[Extracted records]

theorem comb_equiv_hull_insert_if_same_facet_signs:
  assumes v: "v \<notin> P" and w: "w \<notin> P" and s: "same_facet_signs P v w"
  shows "comb_equiv (convex hull (insert v P)) (convex hull (insert w P))"
proof -
  let ?Qv = "convex hull (insert v P)" and ?Qw = "convex hull (insert w P)"
  note s' = same_facet_signs_sym[OF s]
  have "bij_betw (face_transfer P v w) {F. F face_of ?Qv} {G. G face_of ?Qw}"
    by (rule bij_betw_byWitness[where f' = "face_transfer P w v"])
      (use face_transfer_inverse[OF w s] face_transfer_inverse[OF v s']
        face_transfer_face_of[OF w s] face_transfer_face_of[OF v s'] in auto)
  moreover have "F1 \<subseteq> F2 \<longleftrightarrow> face_transfer P v w F1 \<subseteq> face_transfer P v w F2"
    if F1: "F1 face_of ?Qv" and F2: "F2 face_of ?Qv" for F1 F2
    using face_transfer_mono[OF F1, of F2 w]
      face_transfer_mono[OF face_transfer_face_of[OF w s F1], of "face_transfer P v w F2" v]
      face_transfer_inverse[OF w s F1] face_transfer_inverse[OF w s F2]
    by auto
  ultimately show ?thesis
    unfolding comb_equiv_def by blast
qed

lemma sgn_facet_slack_VS:
  assumes x: "x \<in> VS P S FF NN" and K: "K facet_of P"
  shows "sgn (facet_slack P K x) = (if K \<in> NN \<union> {S} then -1 else if K \<in> FF then 0 else 1)"
  using x K facet_slack_neg_if_Hminus[OF K] facet_slack_pos_if_Hplus[OF K]
    facet_slack_affine_hull[OF K]
  by (auto simp: VS_def split: if_splits)

lemma VS_disjoint_P:
  assumes "S facet_of P" and "x \<in> VS P S FF NN"
  shows "x \<notin> P"
proof -
  have "sgn (facet_slack P S x) = -1"
    using sgn_facet_slack_VS[OF assms(2,1)] by simp
  then have "facet_slack P S x < 0"
    by (simp add: sgn_if split: if_splits)
  then show ?thesis
    using facet_slack_nonneg[OF assms(1)] by force
qed

end

theorem proposition2p3:
  fixes P S :: "'a::euclidean_space set" and FF NN :: "'a set set" and v w :: 'a
  assumes "full_polytope P"
    and "simplex_facet P S"
    and "FF \<subseteq> adj P S" and "NN \<subseteq> adj P S" and "FF \<inter> NN = {}"
    and "VS P S FF NN \<noteq> {}"
    and "v \<in> VS P S FF NN" and "w \<in> VS P S FF NN"
  shows "comb_equiv (convex hull (insert v P)) (convex hull (insert w P))"
proof -
  interpret full_dim_polytope P
    by unfold_locales (rule assms(1))
  have S: "S facet_of P"
    using assms(2) by (simp add: simplex_facet_def)
  have "same_facet_signs P v w"
    using sgn_facet_slack_VS assms(7,8) by (simp add: same_facet_signs_def)
  moreover have "v \<notin> P" and "w \<notin> P"
    using VS_disjoint_P[OF S] assms(7,8) by auto
  ultimately show ?thesis
    using comb_equiv_hull_insert_if_same_facet_signs by blast
qed

end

[/Extracted records]

» **Work to complete**
Every record above must appear again in the answer, unchanged.

» **Task result**
theorem comb_equiv_hull_insert_if_same_facet_signs:
  assumes v: "v \<notin> P" and w: "w \<notin> P" and s: "same_facet_signs P v w"
  shows "comb_equiv (convex hull (insert v P)) (convex hull (insert w P))"
proof -
  let ?Qv = "convex hull (insert v P)" and ?Qw = "convex hull (insert w P)"
  note s' = same_facet_signs_sym[OF s]
  have "bij_betw (face_transfer P v w) {F. F face_of ?Qv} {G. G face_of ?Qw}"
    by (rule bij_betw_byWitness[where f' = "face_transfer P w v"])
      (use face_transfer_inverse[OF w s] face_transfer_inverse[OF v s']
        face_transfer_face_of[OF w s] face_transfer_face_of[OF v s'] in auto)
  moreover have "F1 \<subseteq> F2 \<longleftrightarrow> face_transfer P v w F1 \<subseteq> face_transfer P v w F2"
    if F1: "F1 face_of ?Qv" and F2: "F2 face_of ?Qv" for F1 F2
    using face_transfer_mono[OF F1, of F2 w]
      face_transfer_mono[OF face_transfer_face_of[OF w s F1], of "face_transfer P v w F2" v]
      face_transfer_inverse[OF w s F1] face_transfer_inverse[OF w s F2]
    by auto
  ultimately show ?thesis
    unfolding comb_equiv_def by blast
qed

lemma sgn_facet_slack_VS:
  assumes x: "x \<in> VS P S FF NN" and K: "K facet_of P"
  shows "sgn (facet_slack P K x) = (if K \<in> NN \<union> {S} then -1 else if K \<in> FF then 0 else 1)"
  using x K facet_slack_neg_if_Hminus[OF K] facet_slack_pos_if_Hplus[OF K]
    facet_slack_affine_hull[OF K]
  by (auto simp: VS_def split: if_splits)

lemma VS_disjoint_P:
  assumes "S facet_of P" and "x \<in> VS P S FF NN"
  shows "x \<notin> P"
proof -
  have "sgn (facet_slack P S x) = -1"
    using sgn_facet_slack_VS[OF assms(2,1)] by simp
  then have "facet_slack P S x < 0"
    by (simp add: sgn_if split: if_splits)
  then show ?thesis
    using facet_slack_nonneg[OF assms(1)] by force
qed

end

theorem proposition2p3:
  fixes P S :: "'a::euclidean_space set" and FF NN :: "'a set set" and v w :: 'a
  assumes "full_polytope P"
    and "simplex_facet P S"
    and "FF \<subseteq> adj P S" and "NN \<subseteq> adj P S" and "FF \<inter> NN = {}"
    and "VS P S FF NN \<noteq> {}"
    and "v \<in> VS P S FF NN" and "w \<in> VS P S FF NN"
  shows "comb_equiv (convex hull (insert v P)) (convex hull (insert w P))"
proof -
  interpret full_dim_polytope P
    by unfold_locales (rule assms(1))
  have S: "S facet_of P"
    using assms(2) by (simp add: simplex_facet_def)
  have "same_facet_signs P v w"
    using sgn_facet_slack_VS assms(7,8) by (simp add: same_facet_signs_def)
  moreover have "v \<notin> P" and "w \<notin> P"
    using VS_disjoint_P[OF S] assms(7,8) by auto
  ultimately show ?thesis
    using comb_equiv_hull_insert_if_same_facet_signs by blast
qed

end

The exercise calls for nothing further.